The present invention relates generally to hardened shelters that protect above-ground structures from blast, storm, wind, fire, earthquake and other physical hazards. More particularly, the invention relates to such shelters that can be erected on-site by assembly of factory prefabricated, modular components. In some versions, camouflage and concealment of entryways into the shelters is provided to prevent unauthorized access or tampering with the above-ground structures within the shelters.
2. Background Art
Examples of above-ground structures that may be sheltered from blast, storm, wind, fire, earthquake and other natural hazards, as well as from attacks by military or terrorist organizations, include the following: oil pipeline valves; high voltage transformers; storage lockers containing personal items, first aid, medical and emergency food supplies; weapons caches; and battle field command and border security monitoring stations. To adequately protect such above-ground structures, such a shelter needs to be strong, capable of surviving blasts, even bomb blasts, fire-resistant if fire is a recognized hazard at the shelter's location, capable of such strong attachment to a ground surface as not to be dislodged even when subjected to very high wind force, cyclone or tornado, and secured against tampering and/or unauthorized entry by suitable locks, entryways and/or camouflage. Such a shelter should be easily erectable on site by assembling factory-prefabricated, modular components that require a minimum amount of materials to achieve the required strength, blast-resistance and other goals listed above. In the event an above-ground structure is expanded over a larger area of ground surface, the surrounding shelter should be easily expandable to accommodate the new, larger, above-ground structure by adding additional, modular components to the shelter.

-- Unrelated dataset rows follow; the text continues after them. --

lemma (in prob_space) integral_log_le_of_integral_divide_le_1:
  fixes U V :: "'a \<Rightarrow> real"
  assumes "1 < b"
    and U_pos: "\<And>x. x \<in> space M \<Longrightarrow> 0 < U x" and V_pos: "\<And>x. x \<in> space M \<Longrightarrow> 0 < V x"
    and integrable: "integrable M (\<lambda>x. log b (U x))" "integrable M (\<lambda>x. log b (V x))"
      "integrable M (\<lambda>x. U x / V x)"
    and ratio: "(\<integral>x. U x / V x \<partial>M) \<le> 1"
  shows "(\<integral>x. log b (U x) \<partial>M) \<le> (\<integral>x. log b (V x) \<partial>M)"
proof -
  have "0 < ln b"
    using \<open>1 < b\<close> by simp
  have tangent: "log b (U x) \<le> log b (V x) + (U x / V x - 1) / ln b" if "x \<in> space M" for x
  proof -
    have "ln (U x) - ln (V x) = ln (U x / V x)"
      using U_pos[OF that] V_pos[OF that] by (simp add: ln_div)
    also have "\<dots> \<le> U x / V x - 1"
      using U_pos[OF that] V_pos[OF that] by (intro ln_le_minus_one) simp
    finally show ?thesis
      using \<open>0 < ln b\<close>
      by (simp add: log_def divide_right_mono add_divide_distrib[symmetric] diff_divide_distrib[symmetric])
  qed
  have "(\<integral>x. log b (U x) \<partial>M) \<le> (\<integral>x. log b (V x) + (U x / V x - 1) / ln b \<partial>M)"
    using integrable tangent by (intro integral_mono) auto
  also have "\<dots> = (\<integral>x. log b (V x) \<partial>M) + ((\<integral>x. U x / V x \<partial>M) - 1) / ln b"
    using integrable by (simp add: prob_space)
  also have "\<dots> \<le> (\<integral>x. log b (V x) \<partial>M)"
    using ratio \<open>0 < ln b\<close> by (simp add: divide_nonpos_pos)
  finally show ?thesis .
qed
(* Suppose $z\in\mathbb{Z}[i]\setminus\{0\}$ is $2$-powerfully unitarily $t$-perfect in $\mathbb{Z}[i]$ for some integer $t\ge 2$, i.e. $I_2^*(z)=t$. Then we may write $z=(1+i)^{\gamma}x$ with $\gamma$ a nonnegative integer, $x\in\mathbb{Z}[i]$ and $N(x)=x\bar x$ odd. Moreover, $x$ has exactly $\gamma+\upsilon_2(t)$ pairwise nonassociated prime divisors, where $\upsilon_2(t)$ is the exponent of $2$ in $t$.
   Context: Work in the Gaussian integers $\mathbb{Z}[i]=\mathcal O_{\mathbb{Q}(\sqrt{-1})}$, a unique factorization domain. $|z|=\sqrt{z\bar z}$, $\arg(z)\in[0,2\pi)$. Let $A$ be the set of nonzero $z\in\mathbb{Z}[i]$ with $0\le \arg(z)<\pi/2$. Two elements are relatively prime if they have no nonunit common divisor. For nonzero $x,z$, write $x\Diamond z$ iff $x\in A$, $x\mid z$, and $x$ is relatively prime to $z/x$. For $m\in\mathbb{Z}$ define $\delta_m^*(z)=\sum_{x\Diamond z}|x|^m$ and $I_m^*(z)=\delta_m^*(z)/|z|^m$. *)

theory Defs
  imports "HOL-Analysis.Analysis"
begin

text \<open>Gaussian integers are represented as complex numbers with integer real and imaginary parts.\<close>

definition gint :: "complex \<Rightarrow> bool" where
  "gint z \<longleftrightarrow> Re z \<in> \<int> \<and> Im z \<in> \<int>"

definition gdvd :: "complex \<Rightarrow> complex \<Rightarrow> bool" where
  "gdvd x z \<longleftrightarrow> (\<exists>y. gint y \<and> z = x * y)"

definition gunit :: "complex \<Rightarrow> bool" where
  "gunit u \<longleftrightarrow> gint u \<and> gdvd u 1"

definition gassoc :: "complex \<Rightarrow> complex \<Rightarrow> bool" where
  "gassoc p q \<longleftrightarrow> gdvd p q \<and> gdvd q p"

definition gprime :: "complex \<Rightarrow> bool" where
  "gprime p \<longleftrightarrow> gint p \<and> p \<noteq> 0 \<and> \<not> gunit p \<and>
     (\<forall>a b. gint a \<and> gint b \<and> gdvd p (a * b) \<longrightarrow> gdvd p a \<or> gdvd p b)"

definition grelprime :: "complex \<Rightarrow> complex \<Rightarrow> bool" where
  "grelprime x y \<longleftrightarrow> (\<forall>d. gint d \<and> gdvd d x \<and> gdvd d y \<longrightarrow> gunit d)"

text \<open>The set A: nonzero Gaussian integers with 0 <= arg z < pi/2. Isabelle's Arg takes values
  in (-pi, pi], which contains [0, pi/2), so this agrees with the convention arg in [0, 2 pi).\<close>
definition gA :: "complex set" where
  "gA = {z. gint z \<and> z \<noteq> 0 \<and> 0 \<le> Arg z \<and> Arg z < pi / 2}"

definition udiv :: "complex \<Rightarrow> complex \<Rightarrow> bool" where
  "udiv x z \<longleftrightarrow> x \<in> gA \<and> gdvd x z \<and> grelprime x (z / x)"

definition delta_star :: "int \<Rightarrow> complex \<Rightarrow> real" where
  "delta_star m z = (\<Sum>x\<in>{x. udiv x z}. cmod x powi m)"

definition I_star :: "int \<Rightarrow> complex \<Rightarrow> real" where
  "I_star m z = delta_star m z / (cmod z powi m)"

end

theory Submission
  imports Defs "HOL-Computational_Algebra.Primes" "HOL-Computational_Algebra.Euclidean_Algorithm"
begin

The present invention assembles a shelter from modular, factory-prefabricated panels to minimize the amount of required materials while at the same time achieving the required strength and other goals, using equilateral triangular panels with attached frame members to form the sides of the shelter. To firmly attach the shelter to a ground surface, the present invention provides anchor assemblies to which lower ends of frame members attach. On-site installation of the shelter includes driving rebar through apertures in the anchor assemblies deep enough below ground to prevent dislodgement by blast or high velocity winds. The anchor assemblies that attach to the frame members include telescopic sections to facilitate installation of the shelter on sloped or uneven ground.
Various attempts have been made prior to the present invention to provide a shelter for above-ground structures and thereby achieve at least some of the above-listed goals. U.S. Pat. No. 490,779 to Zimmerman disclosed a shelter in the form of a rectangular pyramid for protection of a dwelling, barn or other above-ground structure against cyclones, wind, rain, and snow storms. Apertured, anchor irons attached to the four corners of the building were secured underground with stakes.
U.S. Pat. No. 6,151,841 to Green disclosed a prefabricated, portable, tornado shelter assembled from four equilateral triangular sides, a base frame, and a floor, to form a square, pyramid-shaped enclosure with latched doors and Plexiglas® windows. The shelter was held to the ground with four auger bolts.
U.S. Pat. No. 5,867,947 to Holt Hale et al. disclosed a folding pyramidal structure to surround and protect one or several people and bear extreme loads imposed by the collapsing of a building, induced, for example, by seismic waves during an earthquake.
U.S. Pat. No. 1,672,306 to Coupal disclosed a pyramidal tent with a square floor and tetrapod frame. The frame included four corner staffs or legs comprising telescopic sections disposed at the corner angles of the walls of the tent.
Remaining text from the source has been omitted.